- Directed by: Giuliano Biagetti
- Screenplay by: Giuliano Biagetti
- Starring: Barbara Bouchet Corrado Pani
- Cinematography: Anton Giulio Borghesi
- Edited by: Alberto Moriani
- Music by: Berto Pisano
- Release date: 1973;
- Language: Italian

= Ancora una volta prima di lasciarci =

1973 romance film

Ancora una volta prima di lasciarci (lit. 'Once again before we part') is a 1973 Italian romantic drama film directed by Giuliano Biagetti and starring Barbara Bouchet and Corrado Pani.

== Cast ==
- Barbara Bouchet as Luisa
- Corrado Pani as Giorgio
- Franco Fabrizi as Marco
- Olga Bisera as Marta
- Antonia Santilli as Dr. Carli
- Barbara Pilavin as Emma
- Eugene Walter as Mr. Macpherson
- Stella Carnacina as Barbie Macpherson
- Piero Maria Rossi as Charlie
- Ada Pometti as the feminist

==Production ==
The film was produced by Bi. Pa. Cinematografica.
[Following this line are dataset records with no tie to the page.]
lemma abs_cont_on_compose_contraction:
  assumes "abs_cont_on S f" "\<And>x y. norm (g x - g y) \<le> norm (x - y)"
  shows "abs_cont_on S (\<lambda>t. g (f t))"
  unfolding abs_cont_on_def
proof (intro allI impI)
  fix \<epsilon> :: real assume "\<epsilon> > 0"
  then obtain \<delta> where "\<delta> > 0" and \<delta>: "\<forall>n A B. (\<forall>i<n. A i \<in> S \<and> B i \<in> S \<and> A i \<le> B i) \<and>
      (\<forall>i. Suc i < n \<longrightarrow> B i \<le> A (Suc i)) \<and> (\<Sum>i<n. B i - A i) < \<delta> \<longrightarrow>
      (\<Sum>i<n. norm (f (B i) - f (A i))) < \<epsilon>"
    using assms(1) unfolding abs_cont_on_def by blast
  show "\<exists>\<delta>>0. \<forall>n A B. (\<forall>i<n. A i \<in> S \<and> B i \<in> S \<and> A i \<le> B i) \<and>
      (\<forall>i. Suc i < n \<longrightarrow> B i \<le> A (Suc i)) \<and> (\<Sum>i<n. B i - A i) < \<delta> \<longrightarrow>
      (\<Sum>i<n. norm (g (f (B i)) - g (f (A i)))) < \<epsilon>"
  proof (intro exI[of _ \<delta>] conjI allI impI \<open>\<delta> > 0\<close>)
    fix n A B
    assume "(\<forall>i<n. A i \<in> S \<and> B i \<in> S \<and> A i \<le> B i) \<and>
      (\<forall>i. Suc i < n \<longrightarrow> B i \<le> A (Suc i)) \<and> (\<Sum>i<n. B i - A i) < \<delta>"
    then have "(\<Sum>i<n. norm (f (B i) - f (A i))) < \<epsilon>" using \<delta> by blast
    moreover have "(\<Sum>i<n. norm (g (f (B i)) - g (f (A i)))) \<le> (\<Sum>i<n. norm (f (B i) - f (A i)))"
      by (intro sum_mono assms(2))
    ultimately show "(\<Sum>i<n. norm (g (f (B i)) - g (f (A i)))) < \<epsilon>" by linarith
  qed
qed

lemma abs_cont_on_fst:
  assumes "abs_cont_on S f"
  shows "abs_cont_on S (\<lambda>t. fst (f t))"
proof (rule abs_cont_on_compose_contraction[where g = fst, OF assms])
  show "norm (fst x - fst y) \<le> norm (x - y)" for x y
    using norm_fst_le[of "fst (x - y)" "snd (x - y)"] by (simp add: minus_prod_def)
qed

lemma abs_cont_on_snd:
  assumes "abs_cont_on S f"
  shows "abs_cont_on S (\<lambda>t. snd (f t))"
proof (rule abs_cont_on_compose_contraction[where g = snd, OF assms])
  show "norm (snd x - snd y) \<le> norm (x - y)" for x y
    using norm_snd_le[of "snd (x - y)" "fst (x - y)"] by (simp add: minus_prod_def)
qed

lemma has_vector_derivative_fst:
  "(f has_vector_derivative v) F \<Longrightarrow> ((\<lambda>t. fst (f t)) has_vector_derivative fst v) F"
  unfolding has_vector_derivative_def by (drule has_derivative_fst) simp

lemma has_vector_derivative_snd:
  "(f has_vector_derivative v) F \<Longrightarrow> ((\<lambda>t. snd (f t)) has_vector_derivative snd v) F"
  unfolding has_vector_derivative_def by (drule has_derivative_snd) simp

lemma has_real_derivative_const_on_interval:
  fixes f :: "real \<Rightarrow> real"
  assumes "(f has_real_derivative D) (at t)" "t \<in> {a<..<b}" "\<And>s. s \<in> {a<..<b} \<Longrightarrow> f s = f t"
  shows "D = 0"
proof (rule DERIV_local_const[OF assms(1)])
  show "0 < min (t - a) (b - t)" using assms(2) by simp
  show "\<forall>y. \<bar>t - y\<bar> < min (t - a) (b - t) \<longrightarrow> f t = f y"
  proof (intro allI impI)
    fix y assume "\<bar>t - y\<bar> < min (t - a) (b - t)"
    then have "y \<in> {a<..<b}" by auto
    then show "f t = f y" using assms(3) by simp
  qed
qed

lemma AE_lebesgue_on_subset:
  assumes "AE t in lebesgue_on S. P t" "T \<subseteq> S" "S \<in> sets lebesgue" "T \<in> sets lebesgue"
  shows "AE t in lebesgue_on T. P t"
proof -
  have "AE t in lebesgue. t \<in> S \<longrightarrow> P t" using assms(1,3) by (simp add: AE_restrict_space_iff)
  then have "AE t in lebesgue. t \<in> T \<longrightarrow> P t" using assms(2) by (auto elim: AE_mp)
  then show ?thesis using assms(4) by (simp add: AE_restrict_space_iff)
qed

lemma abs_cont_on_triple_components:
  assumes "abs_cont_on S f" "f = (\<lambda>t. (f1 t, f2 t, f3 t))"
  shows "abs_cont_on S f1" "abs_cont_on S f2" "abs_cont_on S f3"
  using abs_cont_on_fst[OF assms(1)] abs_cont_on_fst[OF abs_cont_on_snd[OF assms(1)]]
    abs_cont_on_snd[OF abs_cont_on_snd[OF assms(1)]]
  by (simp_all add: assms(2))

lemma has_vector_derivative_triple_components:
  fixes f1 f2 f3 :: "real \<Rightarrow> real"
  assumes "((\<lambda>t. (f1 t, f2 t, f3 t)) has_vector_derivative (v1, v2, v3)) (at t)"
  shows "(f1 has_real_derivative v1) (at t)" "(f2 has_real_derivative v2) (at t)"
    "(f3 has_real_derivative v3) (at t)"
  using has_vector_derivative_fst[OF assms] has_vector_derivative_fst[OF has_vector_derivative_snd[OF assms]]
    has_vector_derivative_snd[OF has_vector_derivative_snd[OF assms]]
  by (simp_all add: has_real_derivative_iff_has_vector_derivative)

lemma ctrlH_Y:
  "ctrlH Y 2 (l1, l2, l3) (x, y, z) w = (w 0 + w 1) * l1 + (w 0 - w 1) * l2 + (w 0 + w 1) * l3 * y^2"
  by (simp add: ctrlH_def Y_def numeral_2_eq_2 algebra_simps)

lemma ctrlH_Y_has_derivative:
  "((\<lambda>p. ctrlH Y 2 (l1, l2, l3) p w) has_derivative (\<lambda>h. inner (0, 2 * (w 0 + w 1) * l3 * y, 0) h))
     (at (x, y, z))"
proof -
  have "ctrlH Y 2 (l1, l2, l3) p w = (w 0 + w 1) * l1 + (w 0 - w 1) * l2 + (w 0 + w 1) * l3 * (fst (snd p))^2" for p
    using ctrlH_Y by (metis prod.collapse)
  then show ?thesis
    by (simp only:) (auto intro!: derivative_eq_intros simp: algebra_simps)
qed

lemma ctrlH_Y_gradient:
  assumes "((\<lambda>p. ctrlH Y 2 (l1, l2, l3) p w) has_derivative (\<lambda>h. inner g h)) (at (x, y, z))"
  shows "g = (0, 2 * (w 0 + w 1) * l3 * y, 0)"
proof -
  have "(\<lambda>h. inner g h) = (\<lambda>h. inner (0, 2 * (w 0 + w 1) * l3 * y, 0) h)"
    using has_derivative_unique[OF assms ctrlH_Y_has_derivative] .
  then show ?thesis by (metis inner_commute vector_eq_ldot)
qed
It had the working title Conoscenza matrimoniale ('Marital acquaintance').

==Reception ==
A La Stampa contemporary review described the film as "an hour and a half [...] of intimacy and at times explicit confessions", "enlivened by a touch of irony and an overabundant dose of nudity", in which "the narrative flows along with ease". The Corriere della Seras critic Leonardo Autera panned the it, referring to it as "a muddled film, also engaged in a futile search, somewhere between irony and seriousness, for any kind of coherent tone."